[Stored data entries]

(* Let $X$ be a compact Hausdorff space, $\varphi:X\to X$ a continuous surjection, and $(\tilde X,\tilde\varphi)$ its minimal homeomorphism extension with extension map $p:\tilde X\to X$. Let $F\in C(X)\rtimes_\varphi\mathbb{Z}^+$ and $\tilde x\in\tilde X$. Then $$\|\Pi_{\tilde x}(\tilde F)\|=\sup\{\|\pi_y(F)\| : y=p(\tilde y)\text{ for some }\tilde y\in\mathrm{Orbit}(\tilde x)\},$$ where $\mathrm{Orbit}(\tilde x)=\{\tilde\varphi^n(\tilde x):n\in\mathbb{Z}\}$.
   Context: Minimal homeomorphism extension: $\tilde X=\{(x_1,x_2,\dots)\in\prod_{n\ge1}X : x_n=\varphi(x_{n+1})\ \forall n\}$, $\tilde\varphi(x_1,x_2,\dots)=(\varphi(x_1),x_1,x_2,\dots)$ (a homeomorphism), $p(x_1,x_2,\dots)=x_1$, so $p\circ\tilde\varphi=\varphi\circ p$. Semicrossed product: let $\mathcal{A}_0$ be the algebra generated by $C(X)$ and $U$ subject to $fU=U(f\circ\varphi)$, elements $\sum_{n=0}^NU^nf_n$; $C(X)\rtimes_\varphi\mathbb{Z}^+$ is its completion in the norm $\sup_\pi\|\pi(F)\|$ over homomorphisms that are $*$-representations on $C(X)$ with $\pi(U)$ an isometry. Similarly for $C(\tilde X)\rtimes_{\tilde\varphi}\mathbb{Z}^+$ with generator $\tilde U$. For $F=\sum U^nf_n$ put $\tilde F=\sum\tilde U^n(f_n\circ p)$, extended by continuity to $C(X)\rtimes_\varphi\mathbb{Z}^+$. For $y\in X$, $\pi_y$ acts on $\ell^2(\mathbb{N})$ by $\pi_y(f)(z_1,z_2,\dots)=(f(y)z_1,f(\varphi(y))z_2,f(\varphi^2(y))z_3,\dots)$ and $\pi_y(U)(z_1,z_2,\dots)=(0,z_1,z_2,\dots)$. For $\tilde x\in\tilde X$, $\Pi_{\tilde x}$ acts on $\ell^2(\mathbb{Z})$ by $(\Pi_{\tilde x}(\tilde U)\xi)_n=\xi_{n-1}$ and $(\Pi_{\tilde x}(g)\xi)_n=g(\tilde\varphi^n(\tilde x))\xi_n$ for $g\in C(\tilde X)$. *)

theory Defs
  imports "HOL-Analysis.Analysis"
begin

EXERCISE -> Reply with an exact copy of the lines running from the one containing "theory Defs" through the end of the entries above, both ends included.

OUTPUT FOR THIS EXERCISE ->
theory Defs
  imports "HOL-Analysis.Analysis"
begin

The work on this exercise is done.